> _WORK TO BE COMPLETED_:
In the data below, find the line containing "locating partition with", then set down that line and every later line up to and including the line containing "((p @ [w]) ! Suc", exactly.

> _INPUT RECORDS_:

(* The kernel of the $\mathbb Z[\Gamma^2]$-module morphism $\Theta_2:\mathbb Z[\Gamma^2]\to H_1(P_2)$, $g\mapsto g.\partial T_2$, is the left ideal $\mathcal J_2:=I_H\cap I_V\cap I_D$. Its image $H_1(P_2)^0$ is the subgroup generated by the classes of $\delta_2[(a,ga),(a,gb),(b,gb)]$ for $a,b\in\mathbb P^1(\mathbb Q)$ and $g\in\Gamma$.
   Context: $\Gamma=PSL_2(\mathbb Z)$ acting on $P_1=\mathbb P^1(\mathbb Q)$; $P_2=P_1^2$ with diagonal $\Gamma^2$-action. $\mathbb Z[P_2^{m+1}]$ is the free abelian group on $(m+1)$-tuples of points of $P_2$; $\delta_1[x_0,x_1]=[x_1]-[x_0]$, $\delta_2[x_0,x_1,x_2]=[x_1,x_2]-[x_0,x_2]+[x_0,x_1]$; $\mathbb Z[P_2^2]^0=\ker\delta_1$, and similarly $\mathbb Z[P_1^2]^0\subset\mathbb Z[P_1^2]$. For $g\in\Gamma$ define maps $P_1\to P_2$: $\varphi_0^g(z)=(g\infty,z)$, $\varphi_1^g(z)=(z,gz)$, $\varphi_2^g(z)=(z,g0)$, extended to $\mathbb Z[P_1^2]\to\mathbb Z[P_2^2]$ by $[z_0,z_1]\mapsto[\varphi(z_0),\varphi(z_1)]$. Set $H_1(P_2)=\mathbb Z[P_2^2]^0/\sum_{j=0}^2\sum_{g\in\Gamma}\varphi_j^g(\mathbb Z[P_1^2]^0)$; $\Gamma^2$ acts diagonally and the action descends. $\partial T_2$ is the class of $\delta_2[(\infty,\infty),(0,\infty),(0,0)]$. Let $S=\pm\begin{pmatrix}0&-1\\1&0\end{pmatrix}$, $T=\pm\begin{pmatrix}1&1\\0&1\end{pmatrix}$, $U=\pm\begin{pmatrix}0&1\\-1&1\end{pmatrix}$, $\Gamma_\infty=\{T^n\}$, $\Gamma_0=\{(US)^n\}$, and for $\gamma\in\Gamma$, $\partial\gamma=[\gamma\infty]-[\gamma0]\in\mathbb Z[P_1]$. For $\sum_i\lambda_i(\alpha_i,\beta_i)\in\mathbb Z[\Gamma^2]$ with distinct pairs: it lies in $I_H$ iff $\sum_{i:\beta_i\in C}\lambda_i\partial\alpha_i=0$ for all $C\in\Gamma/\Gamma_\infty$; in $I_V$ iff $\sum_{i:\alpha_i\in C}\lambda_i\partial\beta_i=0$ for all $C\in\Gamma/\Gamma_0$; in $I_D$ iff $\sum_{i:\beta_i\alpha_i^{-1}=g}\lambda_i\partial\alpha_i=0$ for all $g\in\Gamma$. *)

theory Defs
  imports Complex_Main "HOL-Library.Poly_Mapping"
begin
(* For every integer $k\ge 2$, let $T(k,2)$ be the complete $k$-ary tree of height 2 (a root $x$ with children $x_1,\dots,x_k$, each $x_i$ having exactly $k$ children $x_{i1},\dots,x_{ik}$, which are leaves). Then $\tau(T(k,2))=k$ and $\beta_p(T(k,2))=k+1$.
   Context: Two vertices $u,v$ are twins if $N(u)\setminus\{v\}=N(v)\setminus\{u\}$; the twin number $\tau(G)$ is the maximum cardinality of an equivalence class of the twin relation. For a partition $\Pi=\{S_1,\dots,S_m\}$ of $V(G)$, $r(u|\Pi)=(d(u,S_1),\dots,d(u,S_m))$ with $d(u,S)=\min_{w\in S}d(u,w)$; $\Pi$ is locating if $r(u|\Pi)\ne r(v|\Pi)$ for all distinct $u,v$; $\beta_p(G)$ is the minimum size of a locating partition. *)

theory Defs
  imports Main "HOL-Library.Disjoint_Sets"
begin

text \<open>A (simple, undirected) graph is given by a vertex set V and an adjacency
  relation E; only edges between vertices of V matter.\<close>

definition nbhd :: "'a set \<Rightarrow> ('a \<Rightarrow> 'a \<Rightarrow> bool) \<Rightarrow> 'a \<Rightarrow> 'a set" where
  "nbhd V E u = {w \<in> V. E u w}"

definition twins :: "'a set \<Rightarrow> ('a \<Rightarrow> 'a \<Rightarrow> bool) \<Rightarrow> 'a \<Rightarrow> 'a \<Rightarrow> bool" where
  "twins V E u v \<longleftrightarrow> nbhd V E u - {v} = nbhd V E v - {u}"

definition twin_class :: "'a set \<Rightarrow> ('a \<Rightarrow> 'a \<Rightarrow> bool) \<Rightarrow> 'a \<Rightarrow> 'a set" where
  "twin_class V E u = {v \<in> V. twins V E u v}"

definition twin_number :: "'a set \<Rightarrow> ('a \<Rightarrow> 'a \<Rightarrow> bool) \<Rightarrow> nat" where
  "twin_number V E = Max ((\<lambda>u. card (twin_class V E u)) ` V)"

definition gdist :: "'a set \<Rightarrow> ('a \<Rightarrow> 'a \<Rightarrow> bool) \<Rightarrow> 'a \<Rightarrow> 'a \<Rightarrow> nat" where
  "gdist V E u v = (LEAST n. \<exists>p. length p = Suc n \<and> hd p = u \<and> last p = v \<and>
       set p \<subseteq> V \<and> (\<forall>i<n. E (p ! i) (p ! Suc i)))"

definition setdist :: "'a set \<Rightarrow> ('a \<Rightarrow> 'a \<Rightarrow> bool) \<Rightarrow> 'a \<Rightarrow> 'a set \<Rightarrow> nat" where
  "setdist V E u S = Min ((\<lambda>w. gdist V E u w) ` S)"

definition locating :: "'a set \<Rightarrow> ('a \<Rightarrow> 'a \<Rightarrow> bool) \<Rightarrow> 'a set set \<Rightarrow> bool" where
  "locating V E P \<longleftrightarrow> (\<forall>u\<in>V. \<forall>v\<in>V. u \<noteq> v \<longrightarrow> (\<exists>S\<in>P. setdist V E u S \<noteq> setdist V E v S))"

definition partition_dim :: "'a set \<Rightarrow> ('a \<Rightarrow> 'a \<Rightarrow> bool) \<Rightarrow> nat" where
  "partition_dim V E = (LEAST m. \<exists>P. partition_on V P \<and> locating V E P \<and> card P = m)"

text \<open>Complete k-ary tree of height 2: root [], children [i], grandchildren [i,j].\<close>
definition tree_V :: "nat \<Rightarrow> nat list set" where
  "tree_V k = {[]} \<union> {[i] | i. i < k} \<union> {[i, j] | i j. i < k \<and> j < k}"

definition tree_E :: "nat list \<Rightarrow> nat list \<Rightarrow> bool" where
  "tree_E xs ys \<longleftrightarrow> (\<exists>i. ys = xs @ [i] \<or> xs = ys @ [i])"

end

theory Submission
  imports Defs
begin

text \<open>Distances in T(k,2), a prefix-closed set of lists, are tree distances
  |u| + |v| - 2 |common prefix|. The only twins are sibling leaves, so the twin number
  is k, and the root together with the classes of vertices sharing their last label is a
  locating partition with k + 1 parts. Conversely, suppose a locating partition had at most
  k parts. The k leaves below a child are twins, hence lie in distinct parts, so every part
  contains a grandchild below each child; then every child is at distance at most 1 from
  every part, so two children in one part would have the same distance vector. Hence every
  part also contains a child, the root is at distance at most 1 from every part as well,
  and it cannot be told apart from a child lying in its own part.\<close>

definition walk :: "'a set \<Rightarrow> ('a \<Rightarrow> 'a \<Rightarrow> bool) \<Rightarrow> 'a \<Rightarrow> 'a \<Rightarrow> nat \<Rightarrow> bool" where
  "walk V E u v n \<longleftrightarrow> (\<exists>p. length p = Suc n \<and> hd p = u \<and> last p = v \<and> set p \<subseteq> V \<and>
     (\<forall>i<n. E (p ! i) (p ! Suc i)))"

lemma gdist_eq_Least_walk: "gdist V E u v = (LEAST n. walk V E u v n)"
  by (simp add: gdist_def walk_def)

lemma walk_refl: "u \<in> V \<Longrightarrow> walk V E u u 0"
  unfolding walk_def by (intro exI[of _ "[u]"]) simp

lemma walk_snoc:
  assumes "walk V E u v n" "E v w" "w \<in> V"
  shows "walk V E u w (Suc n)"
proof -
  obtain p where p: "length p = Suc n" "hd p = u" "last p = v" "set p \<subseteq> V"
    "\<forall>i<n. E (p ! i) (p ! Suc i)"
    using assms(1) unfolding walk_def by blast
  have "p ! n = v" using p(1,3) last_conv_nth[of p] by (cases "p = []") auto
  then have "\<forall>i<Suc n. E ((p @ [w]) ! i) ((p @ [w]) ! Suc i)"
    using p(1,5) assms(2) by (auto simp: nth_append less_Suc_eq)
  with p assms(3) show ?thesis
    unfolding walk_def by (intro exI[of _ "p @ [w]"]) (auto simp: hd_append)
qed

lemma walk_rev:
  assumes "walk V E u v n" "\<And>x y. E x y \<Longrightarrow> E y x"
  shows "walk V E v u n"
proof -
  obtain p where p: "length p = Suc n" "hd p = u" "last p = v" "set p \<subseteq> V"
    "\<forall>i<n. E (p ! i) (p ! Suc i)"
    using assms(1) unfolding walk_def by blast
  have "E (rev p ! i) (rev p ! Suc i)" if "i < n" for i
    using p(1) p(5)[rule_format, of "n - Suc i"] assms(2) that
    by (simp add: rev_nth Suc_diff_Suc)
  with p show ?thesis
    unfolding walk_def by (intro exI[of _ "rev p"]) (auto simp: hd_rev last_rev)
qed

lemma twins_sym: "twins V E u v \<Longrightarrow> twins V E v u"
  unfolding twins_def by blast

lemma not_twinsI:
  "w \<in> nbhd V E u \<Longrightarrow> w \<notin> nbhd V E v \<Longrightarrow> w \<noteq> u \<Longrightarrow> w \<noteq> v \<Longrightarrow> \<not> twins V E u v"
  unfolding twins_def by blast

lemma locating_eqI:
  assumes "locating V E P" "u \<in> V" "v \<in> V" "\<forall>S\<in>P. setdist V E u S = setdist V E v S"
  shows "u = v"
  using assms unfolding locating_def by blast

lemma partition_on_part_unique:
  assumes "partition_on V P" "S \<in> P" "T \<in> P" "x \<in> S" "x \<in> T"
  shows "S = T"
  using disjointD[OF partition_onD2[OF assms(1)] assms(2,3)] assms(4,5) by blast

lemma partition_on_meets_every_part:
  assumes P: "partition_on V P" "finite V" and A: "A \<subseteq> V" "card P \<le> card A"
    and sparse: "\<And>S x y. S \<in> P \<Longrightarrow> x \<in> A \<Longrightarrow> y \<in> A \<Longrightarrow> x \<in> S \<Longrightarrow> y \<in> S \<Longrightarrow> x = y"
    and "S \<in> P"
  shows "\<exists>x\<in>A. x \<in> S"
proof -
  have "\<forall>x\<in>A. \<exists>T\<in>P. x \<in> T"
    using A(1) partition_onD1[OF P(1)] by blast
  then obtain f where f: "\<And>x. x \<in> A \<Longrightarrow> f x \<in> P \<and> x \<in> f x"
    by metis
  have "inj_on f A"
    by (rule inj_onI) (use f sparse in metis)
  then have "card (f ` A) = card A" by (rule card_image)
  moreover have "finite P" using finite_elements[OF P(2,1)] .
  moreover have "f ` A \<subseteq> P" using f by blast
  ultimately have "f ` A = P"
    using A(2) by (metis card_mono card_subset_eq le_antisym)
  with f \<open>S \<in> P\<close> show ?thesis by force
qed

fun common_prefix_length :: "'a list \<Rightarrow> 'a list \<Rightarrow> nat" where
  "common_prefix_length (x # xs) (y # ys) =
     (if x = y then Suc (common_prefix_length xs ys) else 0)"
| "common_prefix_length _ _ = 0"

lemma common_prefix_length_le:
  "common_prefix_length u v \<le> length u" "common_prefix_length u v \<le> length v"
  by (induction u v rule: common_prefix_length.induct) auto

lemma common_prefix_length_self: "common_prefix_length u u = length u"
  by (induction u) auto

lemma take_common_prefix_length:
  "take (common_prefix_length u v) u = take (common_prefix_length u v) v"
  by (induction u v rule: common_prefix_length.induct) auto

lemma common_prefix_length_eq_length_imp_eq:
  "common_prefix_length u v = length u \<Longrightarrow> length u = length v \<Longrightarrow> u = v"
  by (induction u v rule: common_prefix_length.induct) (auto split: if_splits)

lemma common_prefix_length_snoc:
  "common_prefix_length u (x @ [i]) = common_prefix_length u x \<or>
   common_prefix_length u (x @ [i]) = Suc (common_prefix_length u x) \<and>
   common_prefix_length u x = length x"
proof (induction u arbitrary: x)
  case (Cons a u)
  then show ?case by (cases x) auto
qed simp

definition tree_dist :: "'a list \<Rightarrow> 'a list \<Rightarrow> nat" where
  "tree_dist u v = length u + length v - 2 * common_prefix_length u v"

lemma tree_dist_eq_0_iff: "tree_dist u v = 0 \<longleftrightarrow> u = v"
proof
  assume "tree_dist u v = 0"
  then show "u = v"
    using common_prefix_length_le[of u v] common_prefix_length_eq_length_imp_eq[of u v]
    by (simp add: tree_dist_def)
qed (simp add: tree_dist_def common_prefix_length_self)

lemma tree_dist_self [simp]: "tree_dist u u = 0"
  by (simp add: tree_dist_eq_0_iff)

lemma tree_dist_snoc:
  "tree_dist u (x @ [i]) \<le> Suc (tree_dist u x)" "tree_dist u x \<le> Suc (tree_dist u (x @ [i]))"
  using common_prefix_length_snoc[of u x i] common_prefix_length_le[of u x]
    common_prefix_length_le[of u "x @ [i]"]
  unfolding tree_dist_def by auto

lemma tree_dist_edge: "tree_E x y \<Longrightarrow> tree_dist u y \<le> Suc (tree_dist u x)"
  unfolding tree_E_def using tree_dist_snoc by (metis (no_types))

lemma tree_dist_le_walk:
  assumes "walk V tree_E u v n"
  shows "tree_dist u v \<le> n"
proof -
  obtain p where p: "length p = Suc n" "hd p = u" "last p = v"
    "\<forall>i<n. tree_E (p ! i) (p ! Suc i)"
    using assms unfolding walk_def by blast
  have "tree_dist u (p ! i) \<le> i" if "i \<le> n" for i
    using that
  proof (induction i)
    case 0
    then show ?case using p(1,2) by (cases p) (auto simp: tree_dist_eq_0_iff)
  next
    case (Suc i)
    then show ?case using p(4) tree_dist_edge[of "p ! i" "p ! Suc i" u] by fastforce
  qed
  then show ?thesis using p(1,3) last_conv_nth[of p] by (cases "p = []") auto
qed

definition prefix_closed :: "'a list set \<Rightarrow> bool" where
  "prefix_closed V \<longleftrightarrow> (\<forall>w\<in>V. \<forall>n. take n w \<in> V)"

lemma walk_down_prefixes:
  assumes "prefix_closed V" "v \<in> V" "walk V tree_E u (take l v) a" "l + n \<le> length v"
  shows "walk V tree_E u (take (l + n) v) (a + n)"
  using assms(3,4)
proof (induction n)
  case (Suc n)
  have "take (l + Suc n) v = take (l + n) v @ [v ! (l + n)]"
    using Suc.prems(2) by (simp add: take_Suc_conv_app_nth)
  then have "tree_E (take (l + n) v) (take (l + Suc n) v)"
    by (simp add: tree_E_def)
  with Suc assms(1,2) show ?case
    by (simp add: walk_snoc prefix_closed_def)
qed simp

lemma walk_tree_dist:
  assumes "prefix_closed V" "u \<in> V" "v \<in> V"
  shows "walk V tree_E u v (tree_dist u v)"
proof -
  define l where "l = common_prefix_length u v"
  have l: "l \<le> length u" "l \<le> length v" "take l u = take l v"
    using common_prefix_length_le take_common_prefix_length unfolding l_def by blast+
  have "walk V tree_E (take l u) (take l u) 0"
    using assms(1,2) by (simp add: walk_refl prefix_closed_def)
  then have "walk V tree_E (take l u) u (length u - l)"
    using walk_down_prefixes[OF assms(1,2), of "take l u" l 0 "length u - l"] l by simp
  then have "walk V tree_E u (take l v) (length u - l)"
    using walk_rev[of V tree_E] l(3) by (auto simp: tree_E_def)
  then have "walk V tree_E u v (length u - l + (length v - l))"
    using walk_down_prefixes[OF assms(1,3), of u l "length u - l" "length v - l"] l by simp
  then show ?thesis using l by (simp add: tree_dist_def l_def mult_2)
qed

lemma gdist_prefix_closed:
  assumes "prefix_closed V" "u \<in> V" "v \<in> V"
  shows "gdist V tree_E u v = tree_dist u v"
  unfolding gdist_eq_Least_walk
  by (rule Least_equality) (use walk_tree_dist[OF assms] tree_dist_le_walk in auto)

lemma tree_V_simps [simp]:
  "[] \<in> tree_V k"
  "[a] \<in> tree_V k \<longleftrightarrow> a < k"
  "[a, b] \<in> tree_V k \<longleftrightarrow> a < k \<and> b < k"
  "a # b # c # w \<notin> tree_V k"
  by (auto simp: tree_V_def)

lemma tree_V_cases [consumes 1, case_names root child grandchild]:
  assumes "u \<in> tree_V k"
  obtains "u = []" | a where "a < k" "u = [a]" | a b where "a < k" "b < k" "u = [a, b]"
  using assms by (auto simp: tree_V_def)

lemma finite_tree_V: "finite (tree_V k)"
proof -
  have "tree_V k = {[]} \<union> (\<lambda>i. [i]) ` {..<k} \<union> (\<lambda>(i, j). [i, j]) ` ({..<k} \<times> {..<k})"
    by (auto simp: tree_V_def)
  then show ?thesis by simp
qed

> _SOLUTION FOR THIS PROBLEM_:
  locating partition with k + 1 parts. Conversely, suppose a locating partition had at most
  k parts. The k leaves below a child are twins, hence lie in distinct parts, so every part
  contains a grandchild below each child; then every child is at distance at most 1 from
  every part, so two children in one part would have the same distance vector. Hence every
  part also contains a child, the root is at distance at most 1 from every part as well,
  and it cannot be told apart from a child lying in its own part.\<close>

definition walk :: "'a set \<Rightarrow> ('a \<Rightarrow> 'a \<Rightarrow> bool) \<Rightarrow> 'a \<Rightarrow> 'a \<Rightarrow> nat \<Rightarrow> bool" where
  "walk V E u v n \<longleftrightarrow> (\<exists>p. length p = Suc n \<and> hd p = u \<and> last p = v \<and> set p \<subseteq> V \<and>
     (\<forall>i<n. E (p ! i) (p ! Suc i)))"

lemma gdist_eq_Least_walk: "gdist V E u v = (LEAST n. walk V E u v n)"
  by (simp add: gdist_def walk_def)

lemma walk_refl: "u \<in> V \<Longrightarrow> walk V E u u 0"
  unfolding walk_def by (intro exI[of _ "[u]"]) simp

lemma walk_snoc:
  assumes "walk V E u v n" "E v w" "w \<in> V"
  shows "walk V E u w (Suc n)"
proof -
  obtain p where p: "length p = Suc n" "hd p = u" "last p = v" "set p \<subseteq> V"
    "\<forall>i<n. E (p ! i) (p ! Suc i)"
    using assms(1) unfolding walk_def by blast
  have "p ! n = v" using p(1,3) last_conv_nth[of p] by (cases "p = []") auto
  then have "\<forall>i<Suc n. E ((p @ [w]) ! i) ((p @ [w]) ! Suc i)"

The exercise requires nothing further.